Thank you, Raj. We continue to believe we have significant, untapped opportunities ahead of us given our scale, existing partnerships, and the rapid technology advancements we are seeing in areas such as AI. We are excited about our future and believe the foundation setting efforts we are making in 2023 will help propel our growth in 2024 and beyond. Most importantly, I want to thank our passionate and dedicated employees. It is with your hard work and talents that we sit in this exciting position today. I also want to thank our investors for your support and for your time today. I will now turn the call over to the operator so we can open the line for questions. Thank you.
Thank you. If you would like to ask a question over the phone, please press star followed by the number one on your telephone keypad. If you would like to submit a question via the webcast, please select the Q&A button located on the bottom right of the webcast page. We will begin with questions from the phone. Your first question comes from the line of Mike Grundle with Northland Securities. Your line is open.
Hey guys, thanks a lot. Two questions on deposits. What's your outlook for higher ed deposits and new business deposits? And then specifically on the new business deposits, can you remind us what you're paying, the interest rate the end customer is getting, and what you're getting from customers bank? I'm just trying to figure out sort of what your carrier spread is there currently.

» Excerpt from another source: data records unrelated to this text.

lemma density_tendsto:
  assumes y: "y \<in> W" "y \<notin> jump_set" and f: "(f \<longlongrightarrow> y) F" and fW: "\<And>x. f x \<in> W"
  shows "((\<lambda>x. density (f x)) \<longlongrightarrow> density y) F"
proof (cases "y \<in> C")
  case True
  have "eventually (\<lambda>x. simplex_points (f x) = simplex_points y) F"
    using y(2) C_pos[OF True] by (intro eventually_simplex_points_eq f) (auto simp: jump_set_def)
  with eventually_in_C[OF True f fW]
  have "eventually (\<lambda>x. monom m (f x) * real (card (simplex_points y)) = density (f x)) F"
    by eventually_elim (simp add: density_def)
  moreover have "((\<lambda>x. monom m (f x) * real (card (simplex_points y))) \<longlongrightarrow> density y) F"
    using True by (simp add: density_def) (intro tendsto_intros f)
  ultimately show ?thesis by (rule Lim_transform_eventually[rotated])
next
  case False
  have "eventually (\<lambda>x. f x \<notin> C) F"
    using y by (intro eventually_not_in_C[OF _ False _ f]) (auto simp: jump_set_def)
  then have "eventually (\<lambda>x. 0 = density (f x)) F"
    by eventually_elim (simp add: density_def)
  then show ?thesis
    using False by (simp add: density_def Lim_transform_eventually[OF tendsto_const])
qed

definition comb :: "real^'k \<Rightarrow> real^'k" where
  "comb z = (\<Sum>i\<in>S. z$i *\<^sub>R \<beta> i)"

definition int_coeffs :: "(real^'k) set" where
  "int_coeffs = {t. (\<forall>i\<in>S. t$i \<in> \<int>) \<and> (\<forall>i. i \<notin> S \<longrightarrow> t$i = 0)}"

text \<open>Representatives of \<open>W \<inter> L\<close> modulo the lattice \<open>comb ` int_coeffs\<close>: its points in the
  half-open fundamental parallelepiped of the basis.\<close>
definition reps :: "(real^'k) set" where
  "reps = {r \<in> W \<inter> L. \<exists>s. (\<forall>i\<in>S. 0 \<le> s$i \<and> s$i < 1) \<and> r = comb s}"

lemma finite_S: "finite S"
  by (rule finite_subset[OF subset_UNIV]) simp

lemma comb_simps [simp]:
  "comb 0 = 0" "comb (x + y) = comb x + comb y" "comb (x - y) = comb x - comb y"
  "comb (c *\<^sub>R x) = c *\<^sub>R comb x"
  by (simp_all add: comb_def scaleR_add_left sum.distrib scaleR_diff_left sum_subtractf
      scaleR_sum_right)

So I think that, hey Mike, good to see you or hear from you. It's been a while. So Mike, let me try to answer the deposits first. So I think that you know, what we had sort of guided to before was that we were hoping that we'd peaked out in interest rates. As we've seen, the interest rate environment continues to change and continues to be increasing. And so, you know, unfortunately, that does have an impact on, you know, our deposits, and we continue to see a runoff. So I'd say that, you know, we can't predict the future. There is a chance, obviously, that interest rates continue to increase to the end of the year, which would continue to create a little bit of a runoff on our deposits but what we're working really hard and Raj spoke about in his comments is that we're working on many different initiatives to help with account growth deposit growth and overall increased engagement that we believe can have an offsetting effect and so you know I just wanted to say that given where things stand there's a possibility that we could see a continued drag on deposits but hopefully you know a stabilization by the end of the year
Got it. And then just the spread on the new business deposits?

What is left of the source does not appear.